Exercise prompt: Copy out each line below in which the string "list" appears.

* * *

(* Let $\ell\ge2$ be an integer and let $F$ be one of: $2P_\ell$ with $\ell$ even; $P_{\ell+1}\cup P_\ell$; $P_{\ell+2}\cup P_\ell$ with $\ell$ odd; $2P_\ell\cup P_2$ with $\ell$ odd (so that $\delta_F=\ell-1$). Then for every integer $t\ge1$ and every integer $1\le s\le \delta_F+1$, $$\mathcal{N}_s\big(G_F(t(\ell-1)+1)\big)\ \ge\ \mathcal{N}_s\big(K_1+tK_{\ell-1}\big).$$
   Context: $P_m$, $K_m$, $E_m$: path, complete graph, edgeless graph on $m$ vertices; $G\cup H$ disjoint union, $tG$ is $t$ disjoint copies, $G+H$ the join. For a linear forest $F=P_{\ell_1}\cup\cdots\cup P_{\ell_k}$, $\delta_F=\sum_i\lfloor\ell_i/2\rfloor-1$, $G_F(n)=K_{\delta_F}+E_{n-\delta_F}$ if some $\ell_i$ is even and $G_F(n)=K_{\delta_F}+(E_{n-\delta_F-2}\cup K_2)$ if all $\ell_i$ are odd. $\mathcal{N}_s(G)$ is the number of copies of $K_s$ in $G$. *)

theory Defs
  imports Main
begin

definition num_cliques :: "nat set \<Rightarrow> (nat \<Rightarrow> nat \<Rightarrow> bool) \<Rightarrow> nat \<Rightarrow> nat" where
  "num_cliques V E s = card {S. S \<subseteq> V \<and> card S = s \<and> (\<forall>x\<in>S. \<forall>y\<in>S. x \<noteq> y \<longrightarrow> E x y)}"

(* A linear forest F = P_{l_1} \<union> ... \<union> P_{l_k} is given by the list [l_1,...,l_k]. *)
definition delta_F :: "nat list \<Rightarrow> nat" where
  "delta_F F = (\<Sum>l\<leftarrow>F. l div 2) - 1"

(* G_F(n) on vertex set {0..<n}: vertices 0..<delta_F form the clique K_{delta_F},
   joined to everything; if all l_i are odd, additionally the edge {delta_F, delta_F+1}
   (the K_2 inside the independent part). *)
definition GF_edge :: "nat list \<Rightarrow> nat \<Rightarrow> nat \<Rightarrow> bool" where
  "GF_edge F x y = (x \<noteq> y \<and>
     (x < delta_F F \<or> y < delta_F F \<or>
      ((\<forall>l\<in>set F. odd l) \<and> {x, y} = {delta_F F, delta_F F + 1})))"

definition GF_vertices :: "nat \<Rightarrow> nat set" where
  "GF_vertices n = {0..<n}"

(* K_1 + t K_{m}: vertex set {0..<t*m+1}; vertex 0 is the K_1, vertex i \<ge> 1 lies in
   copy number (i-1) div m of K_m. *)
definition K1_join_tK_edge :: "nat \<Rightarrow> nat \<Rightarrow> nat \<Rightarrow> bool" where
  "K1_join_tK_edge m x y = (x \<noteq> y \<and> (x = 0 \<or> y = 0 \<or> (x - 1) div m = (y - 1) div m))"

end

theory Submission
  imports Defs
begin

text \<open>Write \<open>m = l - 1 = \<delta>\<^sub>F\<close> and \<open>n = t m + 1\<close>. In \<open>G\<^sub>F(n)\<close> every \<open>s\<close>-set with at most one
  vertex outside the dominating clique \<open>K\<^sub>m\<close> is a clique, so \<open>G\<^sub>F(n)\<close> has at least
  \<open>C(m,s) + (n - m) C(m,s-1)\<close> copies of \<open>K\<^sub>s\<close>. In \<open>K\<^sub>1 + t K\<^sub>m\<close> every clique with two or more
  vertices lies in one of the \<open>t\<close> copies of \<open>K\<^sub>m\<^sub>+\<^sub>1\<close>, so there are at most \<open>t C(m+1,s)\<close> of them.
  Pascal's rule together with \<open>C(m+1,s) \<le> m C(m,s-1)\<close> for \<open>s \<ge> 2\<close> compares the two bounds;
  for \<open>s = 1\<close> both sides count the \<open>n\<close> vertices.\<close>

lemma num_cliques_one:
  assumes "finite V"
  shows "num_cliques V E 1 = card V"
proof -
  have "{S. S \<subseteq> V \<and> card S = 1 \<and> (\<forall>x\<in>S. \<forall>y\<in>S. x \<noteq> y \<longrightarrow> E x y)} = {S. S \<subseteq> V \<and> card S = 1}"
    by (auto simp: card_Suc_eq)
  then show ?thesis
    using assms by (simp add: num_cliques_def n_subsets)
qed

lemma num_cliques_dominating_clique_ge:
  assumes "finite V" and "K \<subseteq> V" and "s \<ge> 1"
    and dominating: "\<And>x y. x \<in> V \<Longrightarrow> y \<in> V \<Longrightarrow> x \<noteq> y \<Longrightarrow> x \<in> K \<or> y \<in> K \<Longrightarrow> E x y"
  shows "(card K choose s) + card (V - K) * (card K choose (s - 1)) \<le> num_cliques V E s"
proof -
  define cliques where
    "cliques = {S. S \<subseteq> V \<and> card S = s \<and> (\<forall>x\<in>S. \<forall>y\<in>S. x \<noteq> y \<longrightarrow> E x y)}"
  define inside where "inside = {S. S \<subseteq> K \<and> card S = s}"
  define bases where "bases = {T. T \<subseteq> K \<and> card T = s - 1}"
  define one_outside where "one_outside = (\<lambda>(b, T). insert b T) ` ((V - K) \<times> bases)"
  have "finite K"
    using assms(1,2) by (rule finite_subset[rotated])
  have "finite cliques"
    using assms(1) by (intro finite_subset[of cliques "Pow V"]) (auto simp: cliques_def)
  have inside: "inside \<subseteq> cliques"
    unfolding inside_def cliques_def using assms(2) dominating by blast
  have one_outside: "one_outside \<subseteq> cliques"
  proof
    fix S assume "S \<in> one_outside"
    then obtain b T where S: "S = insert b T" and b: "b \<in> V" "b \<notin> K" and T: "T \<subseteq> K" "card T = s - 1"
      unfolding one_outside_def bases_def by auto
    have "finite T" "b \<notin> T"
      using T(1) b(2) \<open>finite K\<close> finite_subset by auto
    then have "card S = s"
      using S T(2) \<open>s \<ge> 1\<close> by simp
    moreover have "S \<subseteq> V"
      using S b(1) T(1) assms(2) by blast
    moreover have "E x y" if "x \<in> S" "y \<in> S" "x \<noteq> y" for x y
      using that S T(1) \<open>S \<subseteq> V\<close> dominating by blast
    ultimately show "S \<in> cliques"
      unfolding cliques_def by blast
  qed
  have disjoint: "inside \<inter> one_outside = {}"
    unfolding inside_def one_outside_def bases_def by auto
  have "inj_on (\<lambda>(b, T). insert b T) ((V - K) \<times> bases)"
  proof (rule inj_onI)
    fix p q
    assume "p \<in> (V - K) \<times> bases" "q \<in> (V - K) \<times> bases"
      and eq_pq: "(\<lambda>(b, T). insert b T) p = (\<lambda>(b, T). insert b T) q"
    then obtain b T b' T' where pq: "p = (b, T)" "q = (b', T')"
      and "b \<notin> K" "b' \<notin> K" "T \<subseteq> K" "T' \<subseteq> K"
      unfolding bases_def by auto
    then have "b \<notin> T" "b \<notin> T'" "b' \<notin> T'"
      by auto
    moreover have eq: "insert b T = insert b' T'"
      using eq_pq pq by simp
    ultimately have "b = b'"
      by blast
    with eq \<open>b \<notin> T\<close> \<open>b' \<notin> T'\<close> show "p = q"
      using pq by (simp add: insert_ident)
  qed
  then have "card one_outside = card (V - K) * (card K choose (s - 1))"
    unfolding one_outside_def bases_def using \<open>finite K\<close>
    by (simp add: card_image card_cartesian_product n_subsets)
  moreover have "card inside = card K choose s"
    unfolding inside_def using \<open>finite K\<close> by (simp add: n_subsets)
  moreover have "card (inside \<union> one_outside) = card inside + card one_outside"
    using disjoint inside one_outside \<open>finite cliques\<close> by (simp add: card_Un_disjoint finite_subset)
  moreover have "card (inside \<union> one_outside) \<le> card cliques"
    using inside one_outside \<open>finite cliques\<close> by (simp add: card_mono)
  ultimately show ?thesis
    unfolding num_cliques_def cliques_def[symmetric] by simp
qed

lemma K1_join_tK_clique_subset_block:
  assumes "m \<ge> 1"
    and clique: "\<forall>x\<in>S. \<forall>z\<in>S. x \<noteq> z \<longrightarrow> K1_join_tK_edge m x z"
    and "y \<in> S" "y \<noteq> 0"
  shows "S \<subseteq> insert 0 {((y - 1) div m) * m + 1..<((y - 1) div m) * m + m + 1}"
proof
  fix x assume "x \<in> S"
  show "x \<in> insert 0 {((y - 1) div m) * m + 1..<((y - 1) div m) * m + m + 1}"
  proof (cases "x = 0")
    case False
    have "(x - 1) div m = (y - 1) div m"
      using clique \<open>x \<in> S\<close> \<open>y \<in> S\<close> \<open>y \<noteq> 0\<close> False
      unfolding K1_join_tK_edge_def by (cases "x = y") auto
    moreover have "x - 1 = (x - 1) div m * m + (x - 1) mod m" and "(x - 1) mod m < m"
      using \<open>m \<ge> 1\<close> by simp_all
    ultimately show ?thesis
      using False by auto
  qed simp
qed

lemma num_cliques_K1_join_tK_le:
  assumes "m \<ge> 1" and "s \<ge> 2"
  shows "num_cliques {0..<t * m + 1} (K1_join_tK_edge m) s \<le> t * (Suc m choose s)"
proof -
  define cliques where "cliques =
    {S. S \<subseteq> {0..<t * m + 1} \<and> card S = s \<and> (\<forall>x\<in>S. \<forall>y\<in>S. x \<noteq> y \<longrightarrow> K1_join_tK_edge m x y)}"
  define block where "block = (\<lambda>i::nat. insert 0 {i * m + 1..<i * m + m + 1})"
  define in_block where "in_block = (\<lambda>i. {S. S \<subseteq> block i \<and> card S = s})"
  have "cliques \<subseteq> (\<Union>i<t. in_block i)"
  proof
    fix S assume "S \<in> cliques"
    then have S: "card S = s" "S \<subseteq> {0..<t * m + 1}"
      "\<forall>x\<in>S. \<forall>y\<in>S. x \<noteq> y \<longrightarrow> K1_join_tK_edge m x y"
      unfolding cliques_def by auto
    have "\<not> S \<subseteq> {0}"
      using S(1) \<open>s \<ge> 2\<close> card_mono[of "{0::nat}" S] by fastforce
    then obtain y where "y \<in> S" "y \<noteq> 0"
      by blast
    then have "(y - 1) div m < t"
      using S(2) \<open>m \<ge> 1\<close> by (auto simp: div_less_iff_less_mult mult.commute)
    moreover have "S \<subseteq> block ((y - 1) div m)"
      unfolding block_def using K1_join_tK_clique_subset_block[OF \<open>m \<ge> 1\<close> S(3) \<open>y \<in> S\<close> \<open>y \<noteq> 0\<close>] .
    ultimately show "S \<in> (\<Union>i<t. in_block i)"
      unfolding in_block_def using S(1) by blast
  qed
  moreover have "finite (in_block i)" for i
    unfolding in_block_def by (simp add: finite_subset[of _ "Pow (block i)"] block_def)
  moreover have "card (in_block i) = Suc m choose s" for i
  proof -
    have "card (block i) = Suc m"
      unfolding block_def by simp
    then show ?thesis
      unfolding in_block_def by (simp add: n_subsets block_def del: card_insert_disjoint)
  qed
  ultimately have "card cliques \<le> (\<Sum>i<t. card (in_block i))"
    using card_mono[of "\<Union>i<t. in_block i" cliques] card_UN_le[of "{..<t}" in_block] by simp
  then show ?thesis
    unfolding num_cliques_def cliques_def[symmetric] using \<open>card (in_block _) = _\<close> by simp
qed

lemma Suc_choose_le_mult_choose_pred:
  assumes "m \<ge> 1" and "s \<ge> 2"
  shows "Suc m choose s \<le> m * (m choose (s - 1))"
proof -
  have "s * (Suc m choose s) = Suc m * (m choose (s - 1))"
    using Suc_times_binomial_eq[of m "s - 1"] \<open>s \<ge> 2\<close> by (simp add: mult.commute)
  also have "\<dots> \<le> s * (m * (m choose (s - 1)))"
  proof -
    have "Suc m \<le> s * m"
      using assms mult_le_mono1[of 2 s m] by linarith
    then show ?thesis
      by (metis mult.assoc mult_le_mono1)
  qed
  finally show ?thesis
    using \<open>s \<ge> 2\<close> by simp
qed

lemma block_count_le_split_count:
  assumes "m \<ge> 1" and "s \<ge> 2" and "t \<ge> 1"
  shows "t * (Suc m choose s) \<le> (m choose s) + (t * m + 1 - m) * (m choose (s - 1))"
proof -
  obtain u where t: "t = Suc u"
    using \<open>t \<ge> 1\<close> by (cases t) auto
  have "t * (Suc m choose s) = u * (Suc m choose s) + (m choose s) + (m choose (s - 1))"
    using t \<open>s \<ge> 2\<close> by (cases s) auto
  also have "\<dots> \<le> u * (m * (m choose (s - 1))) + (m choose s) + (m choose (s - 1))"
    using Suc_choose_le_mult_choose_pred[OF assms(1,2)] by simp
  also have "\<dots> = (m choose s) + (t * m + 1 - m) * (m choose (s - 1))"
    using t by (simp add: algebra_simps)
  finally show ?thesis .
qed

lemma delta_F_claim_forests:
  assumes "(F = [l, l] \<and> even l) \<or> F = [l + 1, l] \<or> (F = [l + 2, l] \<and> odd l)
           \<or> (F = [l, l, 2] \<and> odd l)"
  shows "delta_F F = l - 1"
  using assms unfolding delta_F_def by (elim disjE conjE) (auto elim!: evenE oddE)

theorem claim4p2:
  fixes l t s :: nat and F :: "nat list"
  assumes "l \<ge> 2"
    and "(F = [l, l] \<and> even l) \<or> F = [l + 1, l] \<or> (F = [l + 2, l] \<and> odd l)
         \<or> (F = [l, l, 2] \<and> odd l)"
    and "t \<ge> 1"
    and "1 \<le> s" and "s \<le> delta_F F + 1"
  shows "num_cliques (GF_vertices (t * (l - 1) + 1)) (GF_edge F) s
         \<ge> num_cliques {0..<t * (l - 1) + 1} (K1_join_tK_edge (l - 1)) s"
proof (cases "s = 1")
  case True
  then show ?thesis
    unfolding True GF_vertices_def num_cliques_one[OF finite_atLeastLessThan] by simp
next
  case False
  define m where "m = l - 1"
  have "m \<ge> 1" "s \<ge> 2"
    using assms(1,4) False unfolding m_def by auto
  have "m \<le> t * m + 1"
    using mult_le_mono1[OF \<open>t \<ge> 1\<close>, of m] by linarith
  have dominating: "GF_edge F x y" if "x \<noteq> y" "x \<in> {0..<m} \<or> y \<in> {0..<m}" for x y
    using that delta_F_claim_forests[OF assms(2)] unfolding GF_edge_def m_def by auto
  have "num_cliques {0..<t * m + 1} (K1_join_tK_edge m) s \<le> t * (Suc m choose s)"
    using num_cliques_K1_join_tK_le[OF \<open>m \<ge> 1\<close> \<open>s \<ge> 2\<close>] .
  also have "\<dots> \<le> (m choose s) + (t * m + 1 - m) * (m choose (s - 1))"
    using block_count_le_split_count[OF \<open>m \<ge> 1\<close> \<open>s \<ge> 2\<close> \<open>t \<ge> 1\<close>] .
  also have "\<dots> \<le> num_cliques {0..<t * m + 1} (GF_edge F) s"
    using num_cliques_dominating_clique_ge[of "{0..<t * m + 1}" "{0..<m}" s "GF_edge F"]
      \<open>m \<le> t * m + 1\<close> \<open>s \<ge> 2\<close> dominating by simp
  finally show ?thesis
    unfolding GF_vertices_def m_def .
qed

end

* * *

Written response:
(* A linear forest F = P_{l_1} \<union> ... \<union> P_{l_k} is given by the list [l_1,...,l_k]. *)
definition delta_F :: "nat list \<Rightarrow> nat" where
definition GF_edge :: "nat list \<Rightarrow> nat \<Rightarrow> nat \<Rightarrow> bool" where
  fixes l t s :: nat and F :: "nat list"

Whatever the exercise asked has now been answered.